● **Exercise directions**
Among the records, which lines include "under"? List them.
*** Opening Provided records ***
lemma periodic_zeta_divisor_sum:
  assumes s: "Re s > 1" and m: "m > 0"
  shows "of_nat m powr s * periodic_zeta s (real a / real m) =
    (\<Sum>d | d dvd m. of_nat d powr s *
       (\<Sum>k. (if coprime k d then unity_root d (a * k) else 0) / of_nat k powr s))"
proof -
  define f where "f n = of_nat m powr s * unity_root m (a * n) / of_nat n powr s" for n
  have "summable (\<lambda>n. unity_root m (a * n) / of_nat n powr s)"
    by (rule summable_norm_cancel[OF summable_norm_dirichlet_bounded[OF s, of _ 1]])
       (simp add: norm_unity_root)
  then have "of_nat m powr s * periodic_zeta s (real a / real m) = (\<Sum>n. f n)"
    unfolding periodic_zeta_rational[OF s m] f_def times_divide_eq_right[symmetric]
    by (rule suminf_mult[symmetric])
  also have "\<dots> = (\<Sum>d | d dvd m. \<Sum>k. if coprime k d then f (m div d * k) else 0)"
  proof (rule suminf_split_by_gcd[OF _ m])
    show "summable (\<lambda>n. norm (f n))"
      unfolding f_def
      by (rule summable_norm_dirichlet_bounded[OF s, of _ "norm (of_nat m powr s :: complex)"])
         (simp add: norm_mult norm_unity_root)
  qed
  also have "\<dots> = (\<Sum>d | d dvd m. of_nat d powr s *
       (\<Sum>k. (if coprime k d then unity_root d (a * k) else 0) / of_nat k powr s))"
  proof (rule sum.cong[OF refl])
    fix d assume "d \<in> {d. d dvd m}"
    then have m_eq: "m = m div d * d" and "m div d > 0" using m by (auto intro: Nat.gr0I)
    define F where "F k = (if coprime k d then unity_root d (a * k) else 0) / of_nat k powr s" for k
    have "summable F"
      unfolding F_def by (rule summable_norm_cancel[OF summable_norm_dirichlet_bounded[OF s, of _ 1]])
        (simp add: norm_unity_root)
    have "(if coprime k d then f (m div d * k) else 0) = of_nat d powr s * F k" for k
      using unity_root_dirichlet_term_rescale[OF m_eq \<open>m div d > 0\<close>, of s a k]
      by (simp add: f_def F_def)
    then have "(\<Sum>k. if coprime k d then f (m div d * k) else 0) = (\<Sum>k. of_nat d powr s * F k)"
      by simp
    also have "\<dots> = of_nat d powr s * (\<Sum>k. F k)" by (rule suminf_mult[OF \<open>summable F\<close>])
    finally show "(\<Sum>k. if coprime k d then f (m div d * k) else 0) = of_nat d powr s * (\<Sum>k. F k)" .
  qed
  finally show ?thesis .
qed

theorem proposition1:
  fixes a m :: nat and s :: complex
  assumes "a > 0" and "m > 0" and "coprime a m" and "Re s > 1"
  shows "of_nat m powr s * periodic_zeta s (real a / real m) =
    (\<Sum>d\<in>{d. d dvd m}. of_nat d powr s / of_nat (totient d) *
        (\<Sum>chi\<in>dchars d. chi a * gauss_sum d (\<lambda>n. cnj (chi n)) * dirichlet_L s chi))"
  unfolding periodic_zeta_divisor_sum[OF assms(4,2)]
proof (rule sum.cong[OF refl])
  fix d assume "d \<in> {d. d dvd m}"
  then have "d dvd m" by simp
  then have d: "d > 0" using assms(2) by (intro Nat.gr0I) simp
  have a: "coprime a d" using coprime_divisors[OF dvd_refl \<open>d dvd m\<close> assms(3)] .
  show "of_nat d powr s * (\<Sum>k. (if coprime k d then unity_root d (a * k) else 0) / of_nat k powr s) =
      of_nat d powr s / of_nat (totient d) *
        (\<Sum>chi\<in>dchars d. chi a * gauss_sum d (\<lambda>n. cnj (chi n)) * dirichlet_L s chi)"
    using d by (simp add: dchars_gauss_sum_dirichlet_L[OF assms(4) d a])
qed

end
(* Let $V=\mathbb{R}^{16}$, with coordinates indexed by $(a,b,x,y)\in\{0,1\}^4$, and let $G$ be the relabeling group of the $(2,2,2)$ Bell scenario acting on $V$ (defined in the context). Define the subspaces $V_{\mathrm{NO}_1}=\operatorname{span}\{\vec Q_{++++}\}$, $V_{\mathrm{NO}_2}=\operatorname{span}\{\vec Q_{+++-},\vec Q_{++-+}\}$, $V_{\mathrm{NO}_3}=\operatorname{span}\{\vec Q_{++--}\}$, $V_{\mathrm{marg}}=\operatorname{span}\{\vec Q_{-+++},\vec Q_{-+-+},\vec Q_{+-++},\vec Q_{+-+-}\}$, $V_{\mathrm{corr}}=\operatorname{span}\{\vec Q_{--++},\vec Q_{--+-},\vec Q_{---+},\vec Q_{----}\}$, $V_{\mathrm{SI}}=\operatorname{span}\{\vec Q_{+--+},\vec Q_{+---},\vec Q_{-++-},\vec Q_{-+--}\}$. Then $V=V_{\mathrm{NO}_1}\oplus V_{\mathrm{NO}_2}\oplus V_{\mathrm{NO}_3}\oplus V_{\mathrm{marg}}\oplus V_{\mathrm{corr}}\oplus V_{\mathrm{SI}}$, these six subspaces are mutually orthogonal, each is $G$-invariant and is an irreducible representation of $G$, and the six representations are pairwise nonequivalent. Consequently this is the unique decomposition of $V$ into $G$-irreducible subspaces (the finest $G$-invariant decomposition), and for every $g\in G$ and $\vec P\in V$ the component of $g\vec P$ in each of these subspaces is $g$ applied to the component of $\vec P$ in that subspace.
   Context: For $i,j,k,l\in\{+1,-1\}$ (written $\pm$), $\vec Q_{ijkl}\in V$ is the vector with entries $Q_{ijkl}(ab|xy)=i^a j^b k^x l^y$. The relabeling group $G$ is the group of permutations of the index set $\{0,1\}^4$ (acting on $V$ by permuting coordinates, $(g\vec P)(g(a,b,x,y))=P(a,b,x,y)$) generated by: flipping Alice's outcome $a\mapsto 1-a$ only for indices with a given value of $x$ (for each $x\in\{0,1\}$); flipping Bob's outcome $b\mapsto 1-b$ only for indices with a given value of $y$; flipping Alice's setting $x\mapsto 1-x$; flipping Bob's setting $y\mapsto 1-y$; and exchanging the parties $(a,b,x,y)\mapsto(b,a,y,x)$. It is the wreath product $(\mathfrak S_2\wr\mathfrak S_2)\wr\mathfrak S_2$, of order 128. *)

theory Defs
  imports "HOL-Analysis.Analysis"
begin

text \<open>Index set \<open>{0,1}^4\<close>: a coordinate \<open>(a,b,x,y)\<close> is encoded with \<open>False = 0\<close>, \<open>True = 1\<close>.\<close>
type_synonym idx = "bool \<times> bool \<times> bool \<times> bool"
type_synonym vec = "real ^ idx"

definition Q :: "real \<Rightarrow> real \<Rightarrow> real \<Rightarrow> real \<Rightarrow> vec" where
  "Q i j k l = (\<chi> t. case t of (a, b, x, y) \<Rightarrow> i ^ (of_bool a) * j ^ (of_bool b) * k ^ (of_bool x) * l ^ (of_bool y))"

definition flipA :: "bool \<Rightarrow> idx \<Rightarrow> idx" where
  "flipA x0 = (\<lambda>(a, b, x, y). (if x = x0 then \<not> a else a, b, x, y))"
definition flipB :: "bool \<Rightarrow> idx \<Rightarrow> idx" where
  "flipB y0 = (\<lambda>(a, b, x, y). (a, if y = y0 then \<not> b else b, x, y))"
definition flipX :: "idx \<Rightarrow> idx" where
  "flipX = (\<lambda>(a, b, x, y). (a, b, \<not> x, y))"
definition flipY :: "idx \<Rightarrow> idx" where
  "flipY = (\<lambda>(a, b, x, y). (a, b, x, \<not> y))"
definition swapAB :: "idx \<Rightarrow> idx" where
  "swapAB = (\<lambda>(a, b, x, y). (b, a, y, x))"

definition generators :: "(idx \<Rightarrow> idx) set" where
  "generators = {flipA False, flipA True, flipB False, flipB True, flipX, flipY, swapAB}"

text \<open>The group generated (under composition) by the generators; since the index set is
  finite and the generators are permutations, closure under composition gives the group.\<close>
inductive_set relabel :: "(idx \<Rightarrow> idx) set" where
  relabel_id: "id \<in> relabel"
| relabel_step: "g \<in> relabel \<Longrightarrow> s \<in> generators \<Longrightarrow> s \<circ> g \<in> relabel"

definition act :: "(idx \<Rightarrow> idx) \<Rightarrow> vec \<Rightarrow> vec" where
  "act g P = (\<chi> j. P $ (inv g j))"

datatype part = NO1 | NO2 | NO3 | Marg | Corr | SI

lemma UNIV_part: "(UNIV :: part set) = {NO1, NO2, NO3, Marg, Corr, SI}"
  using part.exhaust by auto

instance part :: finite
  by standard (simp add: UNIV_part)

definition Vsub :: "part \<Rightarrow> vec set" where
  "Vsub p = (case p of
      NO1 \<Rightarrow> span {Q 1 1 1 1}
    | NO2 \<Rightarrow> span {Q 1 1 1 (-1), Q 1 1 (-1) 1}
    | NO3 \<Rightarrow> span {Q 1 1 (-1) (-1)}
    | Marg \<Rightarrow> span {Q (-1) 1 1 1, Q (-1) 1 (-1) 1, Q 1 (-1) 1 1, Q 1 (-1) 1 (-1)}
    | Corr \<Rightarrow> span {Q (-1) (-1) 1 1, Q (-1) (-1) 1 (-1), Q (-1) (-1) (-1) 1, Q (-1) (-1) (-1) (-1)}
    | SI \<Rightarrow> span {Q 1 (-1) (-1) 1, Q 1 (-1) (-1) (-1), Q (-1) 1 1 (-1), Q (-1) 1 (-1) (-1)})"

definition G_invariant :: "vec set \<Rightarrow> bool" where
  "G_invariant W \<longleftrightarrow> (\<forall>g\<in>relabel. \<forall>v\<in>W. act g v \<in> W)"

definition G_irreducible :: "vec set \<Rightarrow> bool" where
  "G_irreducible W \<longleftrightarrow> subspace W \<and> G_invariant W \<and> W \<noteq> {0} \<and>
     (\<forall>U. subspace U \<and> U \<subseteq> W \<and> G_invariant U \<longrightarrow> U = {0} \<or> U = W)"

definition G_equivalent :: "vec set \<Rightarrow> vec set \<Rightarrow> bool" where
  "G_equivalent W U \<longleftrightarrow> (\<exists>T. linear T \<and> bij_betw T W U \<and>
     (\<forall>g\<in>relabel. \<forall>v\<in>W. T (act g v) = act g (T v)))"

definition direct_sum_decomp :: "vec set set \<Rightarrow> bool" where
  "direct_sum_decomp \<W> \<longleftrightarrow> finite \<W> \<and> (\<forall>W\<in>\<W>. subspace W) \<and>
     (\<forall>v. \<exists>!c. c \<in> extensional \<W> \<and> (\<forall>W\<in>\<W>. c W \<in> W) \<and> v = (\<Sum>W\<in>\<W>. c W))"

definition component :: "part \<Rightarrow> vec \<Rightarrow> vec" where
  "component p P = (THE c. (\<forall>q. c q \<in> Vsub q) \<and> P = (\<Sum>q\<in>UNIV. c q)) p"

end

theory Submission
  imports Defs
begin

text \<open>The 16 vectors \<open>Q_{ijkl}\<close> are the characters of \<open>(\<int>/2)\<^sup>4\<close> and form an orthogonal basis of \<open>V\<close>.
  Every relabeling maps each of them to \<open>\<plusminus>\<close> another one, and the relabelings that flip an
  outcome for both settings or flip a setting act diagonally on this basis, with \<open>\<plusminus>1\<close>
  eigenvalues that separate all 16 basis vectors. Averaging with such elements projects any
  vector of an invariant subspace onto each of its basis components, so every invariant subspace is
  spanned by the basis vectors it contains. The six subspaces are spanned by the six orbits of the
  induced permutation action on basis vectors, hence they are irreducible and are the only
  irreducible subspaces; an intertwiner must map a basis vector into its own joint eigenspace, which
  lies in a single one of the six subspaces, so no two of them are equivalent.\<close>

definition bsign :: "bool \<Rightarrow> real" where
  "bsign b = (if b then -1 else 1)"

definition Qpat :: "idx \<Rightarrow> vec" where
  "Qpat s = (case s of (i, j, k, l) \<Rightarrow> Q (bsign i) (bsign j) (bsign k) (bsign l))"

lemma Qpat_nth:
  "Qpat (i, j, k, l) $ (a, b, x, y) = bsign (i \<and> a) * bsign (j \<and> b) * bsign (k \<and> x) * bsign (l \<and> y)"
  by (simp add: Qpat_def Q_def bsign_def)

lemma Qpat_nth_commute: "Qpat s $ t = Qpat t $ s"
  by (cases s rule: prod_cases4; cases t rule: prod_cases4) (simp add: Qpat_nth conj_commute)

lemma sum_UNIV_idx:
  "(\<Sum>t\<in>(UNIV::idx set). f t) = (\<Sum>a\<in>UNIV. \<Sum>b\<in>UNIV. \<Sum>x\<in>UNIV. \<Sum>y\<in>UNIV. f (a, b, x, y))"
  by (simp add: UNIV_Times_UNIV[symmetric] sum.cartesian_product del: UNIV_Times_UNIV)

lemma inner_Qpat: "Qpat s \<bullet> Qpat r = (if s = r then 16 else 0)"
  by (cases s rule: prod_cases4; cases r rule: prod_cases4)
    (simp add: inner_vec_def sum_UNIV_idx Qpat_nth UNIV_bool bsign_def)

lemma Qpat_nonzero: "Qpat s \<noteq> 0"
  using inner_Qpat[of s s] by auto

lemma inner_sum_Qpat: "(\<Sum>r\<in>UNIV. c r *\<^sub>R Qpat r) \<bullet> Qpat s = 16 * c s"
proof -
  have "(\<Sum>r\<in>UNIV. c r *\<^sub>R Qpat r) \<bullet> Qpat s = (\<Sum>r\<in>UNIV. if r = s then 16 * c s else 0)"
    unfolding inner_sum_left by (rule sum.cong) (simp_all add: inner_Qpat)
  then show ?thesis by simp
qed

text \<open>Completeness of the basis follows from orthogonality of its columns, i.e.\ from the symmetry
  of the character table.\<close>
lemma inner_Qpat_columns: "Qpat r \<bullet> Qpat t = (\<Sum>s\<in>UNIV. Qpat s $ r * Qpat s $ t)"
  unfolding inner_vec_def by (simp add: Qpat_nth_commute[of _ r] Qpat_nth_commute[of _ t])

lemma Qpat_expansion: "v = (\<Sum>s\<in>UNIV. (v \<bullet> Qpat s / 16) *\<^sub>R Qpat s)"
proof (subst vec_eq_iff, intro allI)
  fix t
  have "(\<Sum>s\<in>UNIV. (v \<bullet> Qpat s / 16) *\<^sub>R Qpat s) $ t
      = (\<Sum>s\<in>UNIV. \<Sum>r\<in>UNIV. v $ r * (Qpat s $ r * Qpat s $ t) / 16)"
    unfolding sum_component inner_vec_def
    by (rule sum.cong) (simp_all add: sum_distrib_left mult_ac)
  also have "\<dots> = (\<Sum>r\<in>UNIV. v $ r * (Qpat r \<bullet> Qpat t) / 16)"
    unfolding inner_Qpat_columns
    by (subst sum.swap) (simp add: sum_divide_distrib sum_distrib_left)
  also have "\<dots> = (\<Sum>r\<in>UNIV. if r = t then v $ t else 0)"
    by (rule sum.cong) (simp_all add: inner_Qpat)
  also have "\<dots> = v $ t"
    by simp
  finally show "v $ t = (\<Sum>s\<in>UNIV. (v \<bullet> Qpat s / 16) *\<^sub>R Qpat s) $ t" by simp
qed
*** Closing Provided records ***
● **Result of this exercise**
text \<open>The group generated (under composition) by the generators; since the index set is
  finite and the generators are permutations, closure under composition gives the group.\<close>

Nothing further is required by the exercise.